As the Fed winds down and tightens, the days of easy money will end. Though nobody wants economic damage, a bit of pain may have to be taken if inflation is to be brought down. Given how persistent inflation can be, it’s better to be safe than sorry.
After all, once rate hikes crush inflation (toward the 2-4% range), central banks can always begin to reverse course and cut rates gradually. Indeed, it’s probably a better idea to hike aggressively now and run the risk of too many hikes than doing too little, too late, and letting inflation get comfortable where it is. At the end of the day, rate hikes are reversible; inflation’s insidious effect on your wealth is not.
In this piece, we’ll rotate back to two classic value stocks on the TSX Index that finally look worthy of a buy. Though they haven’t imploded as some of the tech names in this market have, I think there’s real value to be had in June before a potential second-half relief rally has a chance to kick off.
Even if we’re not due for such a rebound, the following names seem discounted, with a solid risk/reward scenario for those willing to hold for the next five years. Consider shares of Algonquin Power & Utilities (TSX:AQN)(NYSE:AQN) and Leon’s Furniture (TSX:LNF).
Algonquin Power & Utilities
Algonquin is a renewable power play that hasn’t gone anywhere for nearly three years now. The stock is stuck, and COVID headwinds have not helped the firm pick its feet off the ground. Though the green energy tailwind is still very much in play, operational hiccups have weighed heavily. With sky-high oil prices — currently at US$120 per barrel of WTI — pressuring firms to seek other energy options, there’s a real chance that the renewable energy tailwind could pick up traction.
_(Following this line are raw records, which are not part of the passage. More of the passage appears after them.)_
lemma nonneg_mat_pow:
  assumes M: "nonneg_mat M" "M \<in> carrier_mat n n"
  shows "nonneg_mat (M ^\<^sub>m k)"
proof (induction k)
  case 0
  then show ?case unfolding nonneg_mat_def by auto
next
  case (Suc k)
  have Mk: "M ^\<^sub>m k \<in> carrier_mat n n" using M(2) by simp
  have "0 \<le> (M ^\<^sub>m k * M) $$ (i,j)" if "i < n" "j < n" for i j
    using that M Mk nonneg_matD[OF Suc Mk] nonneg_matD[OF M]
    by (auto simp: scalar_prod_def intro!: sum_nonneg mult_nonneg_nonneg)
  with M(2) show ?case unfolding nonneg_mat_def by auto
qed

lemma sr_nonneg: "M \<in> carrier_mat n n \<Longrightarrow> n > 0 \<Longrightarrow> 0 \<le> sr M"
  using spectral_radius_mem_max(1)[of "map_mat complex_of_real M" n] unfolding sr_def by auto

lemma sr_attained:
  assumes "M \<in> carrier_mat n n" "n > 0"
  obtains lam v where "v \<in> carrier_vec n" "v \<noteq> 0\<^sub>v n"
    "map_mat complex_of_real M *\<^sub>v v = lam \<cdot>\<^sub>v v" "cmod lam = sr M"
proof -
  from spectral_radius_mem_max(1)[of "map_mat complex_of_real M" n] assms obtain lam where
    "lam \<in> spectrum (map_mat complex_of_real M)" "sr M = cmod lam" unfolding sr_def by auto
  with assms that show ?thesis unfolding spectrum_def eigenvalue_def eigenvector_def by auto
qed

lemma eigenvalue_norm_le_sr:
  assumes "M \<in> carrier_mat n n" "eigenvalue (map_mat complex_of_real M) lam"
  shows "cmod lam \<le> sr M"
proof -
  have Mc: "map_mat complex_of_real M \<in> carrier_mat n n" using assms(1) by auto
  from spectral_radius_mem_max(2)[OF Mc eigenvalue_imp_nonzero_dim[OF Mc assms(2)]] assms(2)
  show ?thesis unfolding sr_def spectrum_def by auto
qed

lemma real_eigenvalue_abs_le_sr:
  assumes "M \<in> carrier_mat n n" "eigenvalue M s"
  shows "\<bar>s\<bar> \<le> sr M"
proof -
  have "eigenvalue (map_mat complex_of_real M) (complex_of_real s)"
    by (rule of_real_hom.eigenvalue_hom[OF assms])
  from eigenvalue_norm_le_sr[OF assms(1) this] show ?thesis by (simp only: norm_of_real)
qed

lemma sr_smult_le:
  assumes M: "M \<in> carrier_mat n n" and n: "n > 0" and c: "c > 0"
  shows "sr (c \<cdot>\<^sub>m M) \<le> c * sr M"
proof -
  have cM: "c \<cdot>\<^sub>m M \<in> carrier_mat n n" using M by simp
  obtain lam v where v: "v \<in> carrier_vec n" "v \<noteq> 0\<^sub>v n"
    and ev: "map_mat complex_of_real (c \<cdot>\<^sub>m M) *\<^sub>v v = lam \<cdot>\<^sub>v v" and lam: "cmod lam = sr (c \<cdot>\<^sub>m M)"
    by (rule sr_attained[OF cM n])
  have "map_mat complex_of_real (c \<cdot>\<^sub>m M) = complex_of_real c \<cdot>\<^sub>m map_mat complex_of_real M"
    by (rule eq_matI) auto
  with ev v M have "complex_of_real c \<cdot>\<^sub>v (map_mat complex_of_real M *\<^sub>v v) = lam \<cdot>\<^sub>v v"
    by (simp add: smult_mult_mat_vec)
  hence "inverse (complex_of_real c) \<cdot>\<^sub>v (complex_of_real c \<cdot>\<^sub>v (map_mat complex_of_real M *\<^sub>v v))
      = inverse (complex_of_real c) \<cdot>\<^sub>v (lam \<cdot>\<^sub>v v)" by simp
  hence "map_mat complex_of_real M *\<^sub>v v = (lam / complex_of_real c) \<cdot>\<^sub>v v"
    using c by (simp add: smult_smult_assoc divide_inverse mult.commute)
  hence "eigenvalue (map_mat complex_of_real M) (lam / complex_of_real c)"
    using v M unfolding eigenvalue_def eigenvector_def by auto
  from eigenvalue_norm_le_sr[OF M this] lam c show ?thesis
    by (simp add: norm_divide field_simps)
qed

lemma sr_less_1_bounded_powers:
  assumes N: "N \<in> carrier_mat n n" and sr: "sr N < 1"
  obtains C where "\<And>k i j. i < n \<Longrightarrow> j < n \<Longrightarrow> (N ^\<^sub>m k) $$ (i,j) \<le> C"
proof -
  have Nc: "map_mat complex_of_real N \<in> carrier_mat n n" using N by auto
  from spectral_radius_jnf_norm_bound_less_1_upper_triangular[OF Nc] sr obtain C
    where C: "\<And>k. norm_bound (map_mat complex_of_real N ^\<^sub>m k) C" unfolding sr_def by auto
  have "(N ^\<^sub>m k) $$ (i,j) \<le> C" if "i < n" "j < n" for k i j
  proof -
    from C[of k] have "norm_bound (map_mat complex_of_real (N ^\<^sub>m k)) C"
      by (simp add: of_real_hom.mat_hom_pow[OF N])
    with that N have "norm (complex_of_real ((N ^\<^sub>m k) $$ (i,j))) \<le> C"
      unfolding norm_bound_def by auto
    then show ?thesis by simp
  qed
  with that show ?thesis by blast
qed

lemma superinvariant_pow:
  assumes N: "nonneg_mat N" "N \<in> carrier_mat n n" and z: "z \<in> carrier_vec n"
    and q: "0 \<le> q" and le: "\<And>i. i < n \<Longrightarrow> q * z $ i \<le> (N *\<^sub>v z) $ i" and i: "i < n"
  shows "q ^ k * z $ i \<le> (N ^\<^sub>m k *\<^sub>v z) $ i"
  using i
proof (induction k arbitrary: i)
  case 0
  then show ?case using z N by auto
next
  case (Suc k)
  have Nk: "N ^\<^sub>m k \<in> carrier_mat n n" using N by auto
  have "q ^ Suc k * z $ i = q * (q ^ k * z $ i)" by simp
  also have "\<dots> \<le> q * (N ^\<^sub>m k *\<^sub>v z) $ i"
    using Suc q by (simp add: mult_left_mono)
  also have "\<dots> = (N ^\<^sub>m k *\<^sub>v (q \<cdot>\<^sub>v z)) $ i"
    using Suc.prems z carrier_matD(1)[OF Nk] by (simp add: mult_mat_vec[OF Nk z])
  also have "\<dots> \<le> (N ^\<^sub>m k *\<^sub>v (N *\<^sub>v z)) $ i"
    using z N le Suc.prems by (intro mult_mat_vec_mono[OF nonneg_mat_pow[OF N] Nk]) auto
  also have "\<dots> = (N ^\<^sub>m Suc k *\<^sub>v z) $ i"
    using N(2) z by (simp add: assoc_mult_mat_vec[OF Nk N(2) z])
  finally show ?case .
qed

lemma sr_ge_if_superinvariant:
  assumes M: "nonneg_mat M" "M \<in> carrier_mat n n"
    and z: "z \<in> carrier_vec n" "nonneg_vec z" "z \<noteq> 0\<^sub>v n"
    and ge: "\<And>i. i < n \<Longrightarrow> s * z $ i \<le> (M *\<^sub>v z) $ i"
  shows "s \<le> sr M"
proof (rule ccontr)
  assume "\<not> s \<le> sr M"
  then have lt: "sr M < s" by simp
  obtain i0 where i0: "i0 < n" "z $ i0 \<noteq> 0" using nonzero_vec_index[OF z(1,3)] by blast
  have n: "n > 0" using i0 by auto
  have z0: "\<And>j. j < n \<Longrightarrow> 0 \<le> z $ j" using nonneg_vecD[OF z(2,1)] .
  define t where "t = (sr M + s) / 2"
  have t: "0 < t" "sr M < t" "t < s" using lt sr_nonneg[OF M(2) n] by (auto simp: t_def)
  define N where "N = (1 / t) \<cdot>\<^sub>m M"
  have N: "nonneg_mat N" "N \<in> carrier_mat n n"
    using M t unfolding N_def nonneg_mat_def by auto
  have "sr N \<le> (1 / t) * sr M" unfolding N_def using t by (intro sr_smult_le[OF M(2) n]) auto
  also have "\<dots> < 1" using t by (simp add: field_simps)
  finally obtain C where C: "\<And>k i j. i < n \<Longrightarrow> j < n \<Longrightarrow> (N ^\<^sub>m k) $$ (i,j) \<le> C"
    using sr_less_1_bounded_powers[OF N(2)] by blast
  have Nz: "(s / t) * z $ i \<le> (N *\<^sub>v z) $ i" if i: "i < n" for i
  proof -
    have "(s / t) * z $ i = s * z $ i / t" by simp
    also have "\<dots> \<le> (M *\<^sub>v z) $ i / t" using ge[OF i] t by (simp add: divide_right_mono)
    also have "\<dots> = (N *\<^sub>v z) $ i"
      using i carrier_matD(1)[OF M(2)] by (simp add: N_def smult_mult_mat_vec[OF M(2) z(1)])
    finally show ?thesis .
  qed
  define S where "S = (\<Sum>j<n. z $ j)"
  have bound: "(s / t) ^ k * z $ i0 \<le> C * S" for k
  proof -
    have Nk: "N ^\<^sub>m k \<in> carrier_mat n n" using N(2) by simp
    have "(s / t) ^ k * z $ i0 \<le> (N ^\<^sub>m k *\<^sub>v z) $ i0"
      using t by (intro superinvariant_pow[OF N z(1) _ Nz i0(1)]) auto
    also have "\<dots> = (\<Sum>j<n. (N ^\<^sub>m k) $$ (i0,j) * z $ j)"
      by (rule mult_mat_vec_index_sum[OF Nk z(1) i0(1)])
    also have "\<dots> \<le> (\<Sum>j<n. C * z $ j)"
      by (intro sum_mono mult_right_mono C i0(1)) (auto simp: z0)
    finally show ?thesis by (simp add: S_def sum_distrib_left)
  qed
  have zi0: "0 < z $ i0" using z0[OF i0(1)] i0(2) by simp
  obtain k where "C * S / z $ i0 < (s / t) ^ k" using real_arch_pow[of "s / t"] t by auto
  with bound[of k] zi0 show False by (simp add: field_simps)
qed

lemma sr_le_if_subinvariant:
  assumes M: "nonneg_mat M" "M \<in> carrier_mat n n" and n: "n > 0"
    and x: "x \<in> carrier_vec n" "pos_vec x" and le: "\<And>i. i < n \<Longrightarrow> (M *\<^sub>v x) $ i \<le> s * x $ i"
  shows "sr M \<le> s"
proof -
  obtain lam v where v: "v \<in> carrier_vec n" "v \<noteq> 0\<^sub>v n"
    and ev: "map_mat complex_of_real M *\<^sub>v v = lam \<cdot>\<^sub>v v" and lam: "cmod lam = sr M"
    by (rule sr_attained[OF M(2) n])
  have Mc: "map_mat complex_of_real M \<in> carrier_mat n n" using M by auto
  have xp: "\<And>i. i < n \<Longrightarrow> 0 < x $ i" using pos_vecD[OF x(2,1)] .
  define t where "t = Max ((\<lambda>i. cmod (v $ i) / x $ i) ` {..<n})"
  have "t \<in> (\<lambda>i. cmod (v $ i) / x $ i) ` {..<n}" unfolding t_def using n by (intro Max_in) auto
  then obtain i0 where i0: "i0 < n" "t = cmod (v $ i0) / x $ i0" by auto
  have vt: "cmod (v $ j) \<le> t * x $ j" if "j < n" for j
  proof -
    have "cmod (v $ j) / x $ j \<le> t" unfolding t_def using that by (intro Max_ge) auto
    then show ?thesis using xp[OF that] by (simp add: divide_le_eq)
  qed
  obtain j where j: "j < n" "v $ j \<noteq> 0" using nonzero_vec_index[OF v] by blast
  have "0 < t" using vt[OF j(1)] j xp[OF j(1)] by (smt (verit) zero_less_mult_iff zero_less_norm_iff)
  have vi0: "cmod (v $ i0) = t * x $ i0" using i0 xp[OF i0(1)] by simp
  have "lam * v $ i0 = (\<Sum>j<n. complex_of_real (M $$ (i0,j)) * v $ j)"
    using ev i0 v mult_mat_vec_index_sum[OF Mc v(1) i0(1)] M by simp
  then have "cmod lam * cmod (v $ i0) = cmod (\<Sum>j<n. complex_of_real (M $$ (i0,j)) * v $ j)"
    by (metis norm_mult)
  also have "\<dots> \<le> (\<Sum>j<n. M $$ (i0,j) * cmod (v $ j))"
    using norm_sum[of "\<lambda>j. complex_of_real (M $$ (i0,j)) * v $ j" "{..<n}"]
      nonneg_matD[OF M i0(1)] by (simp add: norm_mult)
  also have "\<dots> \<le> (\<Sum>j<n. M $$ (i0,j) * (t * x $ j))"
    by (intro sum_mono mult_left_mono) (auto simp: vt nonneg_matD[OF M i0(1)])
  also have "\<dots> = t * (M *\<^sub>v x) $ i0"
    by (simp add: mult_mat_vec_index_sum[OF M(2) x(1) i0(1)] sum_distrib_left mult_ac)
  also have "\<dots> \<le> t * (s * x $ i0)" using le[OF i0(1)] \<open>0 < t\<close> by simp
  also have "\<dots> = s * cmod (v $ i0)" using vi0 by simp
  finally have "cmod lam * cmod (v $ i0) \<le> s * cmod (v $ i0)" .
  moreover have "0 < cmod (v $ i0)" using vi0 \<open>0 < t\<close> xp[OF i0(1)] by simp
  ultimately show ?thesis using lam by simp
qed

lemma char_matrix_mult_vec_index:
  assumes "M \<in> carrier_mat n n" "x \<in> carrier_vec n" "i < n"
  shows "(char_matrix M s *\<^sub>v x) $ i = (M *\<^sub>v x) $ i - s * x $ i"
  using assms unfolding char_matrix_def
  by (simp add: add_mult_distrib_mat_vec[of _ n n] smult_mult_mat_vec carrier_matD)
Undoubtedly, nobody wants to overpay for fossil fuels, while also getting dinged for emissions. Algonquin has challenges, but it can overcome them. The stock trades at 28.8 times trailing earnings, with a 5.13% dividend yield.
Leon’s Furniture
For those seeking deeper value, it’s tough to stack up against iconic Canadian furniture retailer Leon’s. Home furnishings can be quite cyclical, and in the face of a recession, nobody is thinking about that new sectional or dining set. Still, the long-term trend is a friend of the furnishing plays. Indeed, Warren Buffett is a big fan of furniture retailers, despite their discretionary nature. They’re necessary, especially with the expected rise in millennial homeownership over the next decade.
Yes, a recession will hurt Leon’s numbers badly. However, the stock is already priced with nothing but pain in the cards over the medium term at 6.46 times trailing earnings. The 4% dividend yield is also rich and ready to scoop up.
The Foolish bottom line
Algonquin and Leon’s are great contrarian plays that look too cheap to ignore. Both names have huge dividend yields that are swollen due to recent share price depreciation. Algonquin is pricier as a result of tough times, while Leon’s is at a rock-bottom multiple in anticipation of a hard road ahead. I think both are worthy of buying in the summer to play a recovery that could ensue if inflation backs down quicker than we expect.